Provided data
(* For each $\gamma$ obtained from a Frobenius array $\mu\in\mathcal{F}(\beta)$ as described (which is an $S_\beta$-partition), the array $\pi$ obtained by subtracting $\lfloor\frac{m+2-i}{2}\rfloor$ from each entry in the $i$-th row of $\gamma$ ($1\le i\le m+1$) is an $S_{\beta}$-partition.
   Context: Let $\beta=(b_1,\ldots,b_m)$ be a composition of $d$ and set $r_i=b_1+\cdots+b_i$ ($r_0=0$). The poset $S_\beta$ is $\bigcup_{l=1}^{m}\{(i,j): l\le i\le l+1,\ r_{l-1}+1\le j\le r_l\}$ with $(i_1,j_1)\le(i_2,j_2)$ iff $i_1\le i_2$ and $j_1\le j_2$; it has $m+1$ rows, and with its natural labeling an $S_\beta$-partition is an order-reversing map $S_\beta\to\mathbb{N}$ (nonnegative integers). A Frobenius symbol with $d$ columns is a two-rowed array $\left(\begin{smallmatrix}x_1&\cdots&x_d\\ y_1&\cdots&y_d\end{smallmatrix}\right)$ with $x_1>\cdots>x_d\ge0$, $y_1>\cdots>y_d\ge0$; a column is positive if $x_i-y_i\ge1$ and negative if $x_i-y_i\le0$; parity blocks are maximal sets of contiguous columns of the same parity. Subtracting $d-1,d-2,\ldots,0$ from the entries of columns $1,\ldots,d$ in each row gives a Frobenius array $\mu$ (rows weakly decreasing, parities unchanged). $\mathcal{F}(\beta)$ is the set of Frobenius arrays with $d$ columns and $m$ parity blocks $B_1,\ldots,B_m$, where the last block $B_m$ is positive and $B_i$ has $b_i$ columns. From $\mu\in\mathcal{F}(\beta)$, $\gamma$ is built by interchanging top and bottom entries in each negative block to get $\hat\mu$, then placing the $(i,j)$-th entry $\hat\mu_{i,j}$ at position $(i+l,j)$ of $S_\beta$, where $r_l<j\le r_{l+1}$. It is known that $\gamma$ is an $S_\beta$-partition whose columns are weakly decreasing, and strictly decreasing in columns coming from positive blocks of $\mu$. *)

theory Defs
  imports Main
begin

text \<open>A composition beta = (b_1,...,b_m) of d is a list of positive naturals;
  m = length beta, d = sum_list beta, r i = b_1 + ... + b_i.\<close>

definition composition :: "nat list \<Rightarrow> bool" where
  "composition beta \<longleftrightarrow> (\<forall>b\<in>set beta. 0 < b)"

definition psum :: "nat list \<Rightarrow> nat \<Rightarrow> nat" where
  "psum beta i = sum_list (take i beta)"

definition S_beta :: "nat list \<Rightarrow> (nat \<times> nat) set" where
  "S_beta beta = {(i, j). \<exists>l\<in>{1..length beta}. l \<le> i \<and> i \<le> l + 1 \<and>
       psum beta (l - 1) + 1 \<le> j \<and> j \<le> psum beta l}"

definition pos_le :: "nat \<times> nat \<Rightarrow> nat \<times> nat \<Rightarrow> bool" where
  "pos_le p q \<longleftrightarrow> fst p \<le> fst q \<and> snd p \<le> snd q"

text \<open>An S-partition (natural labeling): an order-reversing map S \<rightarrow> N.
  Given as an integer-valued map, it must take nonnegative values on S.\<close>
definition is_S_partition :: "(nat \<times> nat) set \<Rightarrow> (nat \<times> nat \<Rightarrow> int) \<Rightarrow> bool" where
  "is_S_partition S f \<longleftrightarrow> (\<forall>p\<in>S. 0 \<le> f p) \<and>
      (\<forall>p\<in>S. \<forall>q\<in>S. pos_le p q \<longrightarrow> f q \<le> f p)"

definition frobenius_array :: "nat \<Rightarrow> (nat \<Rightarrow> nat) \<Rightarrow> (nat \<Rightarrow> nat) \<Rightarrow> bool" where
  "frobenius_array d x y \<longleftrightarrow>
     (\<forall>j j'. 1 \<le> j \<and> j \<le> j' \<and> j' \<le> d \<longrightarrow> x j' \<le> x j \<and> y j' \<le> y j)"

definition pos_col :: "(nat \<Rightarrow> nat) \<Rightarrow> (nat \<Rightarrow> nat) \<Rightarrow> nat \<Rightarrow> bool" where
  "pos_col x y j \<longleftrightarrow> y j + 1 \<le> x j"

Exercise brief
Copy, with no alteration, the line that contains "nat \<Rightarrow> nat \<times>" and each remaining line of the listing above.

Solved problem
definition pos_le :: "nat \<times> nat \<Rightarrow> nat \<times> nat \<Rightarrow> bool" where
  "pos_le p q \<longleftrightarrow> fst p \<le> fst q \<and> snd p \<le> snd q"

text \<open>An S-partition (natural labeling): an order-reversing map S \<rightarrow> N.
  Given as an integer-valued map, it must take nonnegative values on S.\<close>
definition is_S_partition :: "(nat \<times> nat) set \<Rightarrow> (nat \<times> nat \<Rightarrow> int) \<Rightarrow> bool" where
  "is_S_partition S f \<longleftrightarrow> (\<forall>p\<in>S. 0 \<le> f p) \<and>
      (\<forall>p\<in>S. \<forall>q\<in>S. pos_le p q \<longrightarrow> f q \<le> f p)"

definition frobenius_array :: "nat \<Rightarrow> (nat \<Rightarrow> nat) \<Rightarrow> (nat \<Rightarrow> nat) \<Rightarrow> bool" where
  "frobenius_array d x y \<longleftrightarrow>
     (\<forall>j j'. 1 \<le> j \<and> j \<le> j' \<and> j' \<le> d \<longrightarrow> x j' \<le> x j \<and> y j' \<le> y j)"

definition pos_col :: "(nat \<Rightarrow> nat) \<Rightarrow> (nat \<Rightarrow> nat) \<Rightarrow> nat \<Rightarrow> bool" where
  "pos_col x y j \<longleftrightarrow> y j + 1 \<le> x j"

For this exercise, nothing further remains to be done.